Naufrage de l’Esther Miracle : Les familles de victime exigent un procès juste

Ecouter l'article

Près de trois ans après le tragique naufrage du navire Esther Miracle, l’émotion reste vive et la soif de justice intacte chez les proches des victimes de ce drame. Pour preuve, lors d’une déclaration de presse faite le samedi 28 février dernier, ces derniers ont, par la voix de Chantly Verda Kogou Moussavou, dressé un bilan sans concession des premières audiences du procès et réitéré les attentes pressantes des rescapés et des ayants droit.

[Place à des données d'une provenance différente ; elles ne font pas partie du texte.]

lemma contact_structure_edgeE:
  assumes "Q \<in> contact_structures n" and "e \<in> Q"
  obtains i j where "e = {i, j}" and "i \<noteq> j" and "i \<in> {1..n}" and "j \<in> {1..n}"
  using assms unfolding contact_structures_def by blast

lemma Xv_mult_Xv: "Xv i * Xv j = monom (Poly_Mapping.single i 1 + Poly_Mapping.single j 1)"
  by (simp add: Xv_def monom_def mult_single)

lemma edge_ideal_subset_Pn:
  assumes "Q \<in> contact_structures n"
  shows "edge_ideal n Q \<subseteq> Pn n"
  unfolding edge_ideal_eq_gen_ideal
proof (rule gen_ideal_subset_Pn)
  fix e assume "e \<in> Q"
  with assms obtain i j where "e = {i, j}" "i \<noteq> j" "i \<in> {1..n}" "j \<in> {1..n}"
    by (rule contact_structure_edgeE)
  then show "(\<Prod>k\<in>e. Xv k) \<in> Pn n"
    using monom_in_Pn[of "Poly_Mapping.single i 1 + Poly_Mapping.single j 1" n]
    by (simp add: Xv_mult_Xv keys_add_nat)
qed

definition edge_or_high_monomials :: "nat \<Rightarrow> nat \<Rightarrow> nat set set \<Rightarrow> (nat \<Rightarrow>\<^sub>0 nat) set" where
  "edge_or_high_monomials n m Q =
     {a. (\<exists>e\<in>Q. \<forall>k\<in>e. 0 < Poly_Mapping.lookup a k) \<or> m \<le> tdeg n a}"

lemma edge_or_high_monomials_upward:
  assumes "a \<in> edge_or_high_monomials n m Q"
  shows "b + a \<in> edge_or_high_monomials n m Q"
  using assms unfolding edge_or_high_monomials_def
  by (force simp: lookup_add tdeg_add)

lemma keys_edge_ideal:
  assumes "Q \<in> contact_structures n" and "p \<in> edge_ideal n Q"
  shows "Poly_Mapping.keys p \<subseteq> edge_or_high_monomials n m Q"
proof (rule keys_gen_ideal_subset[OF edge_or_high_monomials_upward _ assms(2)[unfolded edge_ideal_eq_gen_ideal]])
  fix e assume "e \<in> Q"
  with assms(1) obtain i j where e: "e = {i, j}" and "i \<noteq> j"
    by (rule contact_structure_edgeE)
  let ?a = "Poly_Mapping.single i 1 + Poly_Mapping.single j (1::nat)"
  have "\<forall>k\<in>e. 0 < Poly_Mapping.lookup ?a k"
    by (simp add: e lookup_add)
  with \<open>e \<in> Q\<close> have "?a \<in> edge_or_high_monomials n m Q"
    unfolding edge_or_high_monomials_def by blast
  then show "Poly_Mapping.keys (\<Prod>k\<in>e. Xv k) \<subseteq> edge_or_high_monomials n m Q"
    using \<open>i \<noteq> j\<close> by (simp add: e Xv_mult_Xv monom_def)
qed

lemma keys_deg_ideal:
  assumes "p \<in> deg_ideal n m"
  shows "Poly_Mapping.keys p \<subseteq> edge_or_high_monomials n m Q"
proof (rule keys_gen_ideal_subset[OF edge_or_high_monomials_upward _ assms[unfolded deg_ideal_eq_gen_ideal]])
  fix b assume "b \<in> monos_deg n m"
  then show "Poly_Mapping.keys (monom b) \<subseteq> edge_or_high_monomials n m Q"
    by (simp add: monom_def monos_deg_def edge_or_high_monomials_def tdeg_def)
qed

lemma edge_monomial_notin_edge_or_high_monomials:
  assumes "Q \<in> contact_structures n" and "i \<noteq> j" and "{i, j} \<notin> Q" and "3 \<le> m"
  shows "Poly_Mapping.single i 1 + Poly_Mapping.single j 1 \<notin> edge_or_high_monomials n m Q"
proof
  let ?a = "Poly_Mapping.single i 1 + Poly_Mapping.single j (1::nat)"
  assume "?a \<in> edge_or_high_monomials n m Q"
  moreover have "tdeg n ?a \<le> 2"
    by (simp add: tdeg_add tdeg_single)
  ultimately obtain e where "e \<in> Q" and pos: "\<forall>k\<in>e. 0 < Poly_Mapping.lookup ?a k"
    using \<open>3 \<le> m\<close> by (auto simp: edge_or_high_monomials_def)
  moreover obtain i' j' where e: "e = {i', j'}" and "i' \<noteq> j'"
    using contact_structure_edgeE[OF assms(1) \<open>e \<in> Q\<close>] by blast
  moreover have "k \<in> {i, j}" if "0 < Poly_Mapping.lookup ?a k" for k
    using that by (auto simp: lookup_add lookup_single when_def split: if_splits)
  ultimately have "e = {i, j}" by auto
  then show False using \<open>e \<in> Q\<close> \<open>{i, j} \<notin> Q\<close> by simp
qed

lemma pi_img_edge_ideal_subsetD:
  assumes Q1: "Q1 \<in> contact_structures n" and Q2: "Q2 \<in> contact_structures n" and "3 \<le> m"
    and sub: "pi_img n m (edge_ideal n Q1) \<subseteq> pi_img n m (edge_ideal n Q2)"
  shows "Q1 \<subseteq> Q2"
proof
  fix e assume "e \<in> Q1"
  with Q1 obtain i j where e: "e = {i, j}" and "i \<noteq> j"
    by (rule contact_structure_edgeE)
  let ?J = "deg_ideal n m" and ?a = "Poly_Mapping.single i 1 + Poly_Mapping.single j (1::nat)"
  have "(\<Prod>k\<in>e. Xv k) \<in> edge_ideal n Q1"
    unfolding edge_ideal_eq_gen_ideal using finite_contact_structure[OF Q1] \<open>e \<in> Q1\<close>
    by (rule gen_in_gen_ideal)
  then have "monom ?a \<in> edge_ideal n Q1"
    using \<open>i \<noteq> j\<close> by (simp add: e Xv_mult_Xv)
  then obtain q where q: "q \<in> edge_ideal n Q2"
    and eq: "?J #>\<^bsub>additive_group\<^esub> monom ?a = ?J #>\<^bsub>additive_group\<^esub> q"
    using sub unfolding pi_img_eq by blast
  have "monom ?a \<in> ?J #>\<^bsub>additive_group\<^esub> monom ?a"
    by (rule additive_group.rcos_self) (simp_all add: subgroup_deg_ideal)
  then have "monom ?a \<in> (\<lambda>h. q + h) ` ?J"
    unfolding eq by (simp add: r_coset_additive_group)
  then obtain h where "h \<in> ?J" and "monom ?a = q + h"
    by blast
  then have "Poly_Mapping.keys (monom ?a) \<subseteq> edge_or_high_monomials n m Q2"
    using keys_add[of q h] keys_edge_ideal[OF Q2 q, of m] keys_deg_ideal[OF \<open>h \<in> ?J\<close>, of Q2]
    by auto
  then have "?a \<in> edge_or_high_monomials n m Q2"
    by (simp add: monom_def)
  then show "e \<in> Q2"
    using edge_monomial_notin_edge_or_high_monomials[OF Q2 \<open>i \<noteq> j\<close> _ \<open>3 \<le> m\<close>] e by blast
qed

lemma subgroup_pi_img:
  assumes "subgroup I additive_group"
  shows "subgroup (pi_img n m I) (additive_group Mod deg_ideal n m)"
proof -
  have "deg_ideal n m \<lhd> additive_group"
    using subgroup_deg_ideal by (simp add: additive_group.normal_iff_subgroup)
  then interpret group_hom additive_group "additive_group Mod deg_ideal n m"
      "\<lambda>p. deg_ideal n m #>\<^bsub>additive_group\<^esub> p"
    by (simp add: group_hom_def group_hom_axioms_def normal.factorgroup_is_group
        normal.r_coset_hom_Mod)
  show ?thesis
    unfolding pi_img_eq by (rule subgroup_img_is_subgroup[OF assms])
qed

Si l’ouverture du procès, le jeudi 26 février dernier après un report initial, a été accueillie avec un certain soulagement par les familles qui attendaient ce moment depuis 2023, l’enthousiasme a rapidement laissé place à une profonde amertume. Selon la présidente de l’association « Familles des victimes Esther Miracle », des défaillances logistiques et une organisation jugée déshonorante pour la mémoire des défunts, ont émaillé cette audience. Des écueils pointés du doigt par les familles éplorées.

Esther Miracle, l’heure de la justice a sonné !

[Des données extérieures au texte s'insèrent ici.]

(* Let $\mathcal{H}_Q$ and $\mathcal{H}_A$ be finite-dimensional Hilbert spaces with $\dim\mathcal{H}_Q = D_Q \le D_A = \dim\mathcal{H}_A$, and let $U_1,\ldots,U_K$ be unitary operators on $\mathcal{H}_Q$ that mutually commute. Then for every unit vector $|\psi_{QA}\rangle \in \mathcal{H}_Q\otimes\mathcal{H}_A$ (possibly entangled) there exist unit vectors $|\xi\rangle\in\mathcal{H}_Q$, $|\chi\rangle\in\mathcal{H}_A$ and a unitary operator $V$ on $\mathcal{H}_Q\otimes\mathcal{H}_A$, independent of $j$, such that for every $j=1,\ldots,K$, $$V\,(U_j\otimes \mathbb{1}_A)\,(|\xi\rangle\otimes|\chi\rangle) = (U_j\otimes\mathbb{1}_A)\,|\psi_{QA}\rangle ,$$ where $\mathbb{1}_A$ is the identity on $\mathcal{H}_A$. *)

theory Defs
  imports Complex_Main
begin

text \<open>Finite-dimensional complex Hilbert spaces are modelled as coordinate spaces
  \<open>'i \<Rightarrow> complex\<close> over a finite index type \<open>'i\<close> (standard inner product), and
  operators as square matrices \<open>'i \<Rightarrow> 'i \<Rightarrow> complex\<close>.  The tensor product of
  \<open>'q \<Rightarrow> complex\<close> and \<open>'a \<Rightarrow> complex\<close> is \<open>'q \<times> 'a \<Rightarrow> complex\<close>.\<close>

type_synonym 'i cmat = "'i \<Rightarrow> 'i \<Rightarrow> complex"

definition mat_vec :: "'i::finite cmat \<Rightarrow> ('i \<Rightarrow> complex) \<Rightarrow> ('i \<Rightarrow> complex)" where
  "mat_vec M v = (\<lambda>i. \<Sum>j\<in>UNIV. M i j * v j)"

definition mat_mult :: "'i::finite cmat \<Rightarrow> 'i cmat \<Rightarrow> 'i cmat" where
  "mat_mult M N = (\<lambda>i k. \<Sum>j\<in>UNIV. M i j * N j k)"

definition id_mat :: "'i cmat" where
  "id_mat = (\<lambda>i j. if i = j then 1 else 0)"

definition adjoint :: "'i cmat \<Rightarrow> 'i cmat" where
  "adjoint M = (\<lambda>i j. cnj (M j i))"

definition unitary_mat :: "'i::finite cmat \<Rightarrow> bool" where
  "unitary_mat M \<longleftrightarrow> mat_mult (adjoint M) M = id_mat \<and> mat_mult M (adjoint M) = id_mat"

definition unit_vector :: "('i::finite \<Rightarrow> complex) \<Rightarrow> bool" where
  "unit_vector v \<longleftrightarrow> (\<Sum>i\<in>UNIV. (cmod (v i))\<^sup>2) = 1"

definition tensor_mat :: "'q cmat \<Rightarrow> 'a cmat \<Rightarrow> ('q \<times> 'a) cmat" where
  "tensor_mat M N = (\<lambda>(i, a) (j, b). M i j * N a b)"

definition tensor_vec :: "('q \<Rightarrow> complex) \<Rightarrow> ('a \<Rightarrow> complex) \<Rightarrow> ('q \<times> 'a \<Rightarrow> complex)" where
  "tensor_vec x y = (\<lambda>(i, a). x i * y a)"

end

theory Submission
  imports Defs "HOL-Analysis.Cartesian_Space" "HOL-Computational_Algebra.Fundamental_Theorem_Algebra"
begin

(* Mutually commuting unitaries have a common orthonormal eigenbasis e\<^sub>1, ..., e\<^sub>m of H\<^sub>Q, so
   \<psi> = \<Sum>\<^sub>k e\<^sub>k \<otimes> a\<^sub>k and U\<^sub>j \<otimes> 1 multiplies the k-th summand by the eigenvalue \<mu>\<^sub>j\<^sub>k.
   Fix a unit vector \<chi> and scalars t\<^sub>k with |t\<^sub>k| = \<parallel>a\<^sub>k\<parallel> whose phases make \<langle>t\<^sub>k \<chi>, a\<^sub>k\<rangle> real,
   and put \<xi> = \<Sum>\<^sub>k t\<^sub>k e\<^sub>k.  Then x\<^sub>k = e\<^sub>k \<otimes> t\<^sub>k \<chi> and y\<^sub>k = e\<^sub>k \<otimes> a\<^sub>k have equal norms and real
   overlap, and vectors with different indices k are orthogonal, so the product of the commuting
   reflections in the hyperplanes orthogonal to x\<^sub>k - y\<^sub>k is a unitary V with V x\<^sub>k = y\<^sub>k for all k.
   Hence V (U\<^sub>j \<otimes> 1)(\<xi> \<otimes> \<chi>) = \<Sum>\<^sub>k \<mu>\<^sub>j\<^sub>k y\<^sub>k = (U\<^sub>j \<otimes> 1) \<psi> for every j. *)

lemma sum_UNIV_prod:
  "(\<Sum>z\<in>(UNIV::('a::finite \<times> 'b::finite) set). f z) = (\<Sum>i\<in>UNIV. \<Sum>a\<in>UNIV. f (i, a))"
  by (simp add: sum.cartesian_product)

definition cinner :: "('i::finite \<Rightarrow> complex) \<Rightarrow> ('i \<Rightarrow> complex) \<Rightarrow> complex" where
  "cinner x y = (\<Sum>i\<in>UNIV. cnj (x i) * y i)"

lemma cinner_sum_right: "cinner u (\<lambda>i. \<Sum>k\<in>S. f k i) = (\<Sum>k\<in>S. cinner u (f k))"
  unfolding cinner_def sum_distrib_left by (rule sum.swap)

lemma cinner_sum_left: "cinner (\<lambda>i. \<Sum>k\<in>S. f k i) u = (\<Sum>k\<in>S. cinner (f k) u)"
  unfolding cinner_def cnj_sum sum_distrib_right by (rule sum.swap)

lemma cinner_scale_right: "cinner u (\<lambda>i. c * v i) = c * cinner u v"
  unfolding cinner_def by (simp add: sum_distrib_left algebra_simps)

lemma cinner_scale_left: "cinner (\<lambda>i. c * v i) u = cnj c * cinner v u"
  unfolding cinner_def by (simp add: sum_distrib_left algebra_simps)

lemma cinner_add_right: "cinner u (\<lambda>i. v i + w i) = cinner u v + cinner u w"
  unfolding cinner_def by (simp add: sum.distrib algebra_simps)

lemma cinner_diff_right: "cinner u (\<lambda>i. v i - w i) = cinner u v - cinner u w"
  unfolding cinner_def by (simp add: sum_subtractf algebra_simps)

lemma cinner_diff_left: "cinner (\<lambda>i. v i - w i) u = cinner v u - cinner w u"
  unfolding cinner_def by (simp add: sum_subtractf algebra_simps)

lemma cinner_zero_right: "cinner u (\<lambda>_. 0) = 0"
  unfolding cinner_def by simp

lemma cinner_cnj: "cnj (cinner x y) = cinner y x"
  unfolding cinner_def by (simp add: mult.commute)

lemma cinner_self: "cinner v v = of_real (\<Sum>i\<in>UNIV. (cmod (v i))\<^sup>2)"
  unfolding cinner_def of_real_sum by (intro sum.cong refl) (metis complex_norm_square mult.commute)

Dans sa prise de parole, Chantly Verda Kogou Moussavou a fustigé l’inaudibilité des débats dans la salle d’audience et l’absence d’un calendrier précis. Cette impréparation aurait contribué à pénaliser les familles venues de l’intérieur du pays. Lesquelles doivent dépenser pour le transport et d’hébergement. Et ce, sans garantie de voir l’affaire avancer. Plus grave encore, la présidente de ladite association a déploré le retrait des avocats lors des premières séances laissant les victimes dans un désarroi juridique total. 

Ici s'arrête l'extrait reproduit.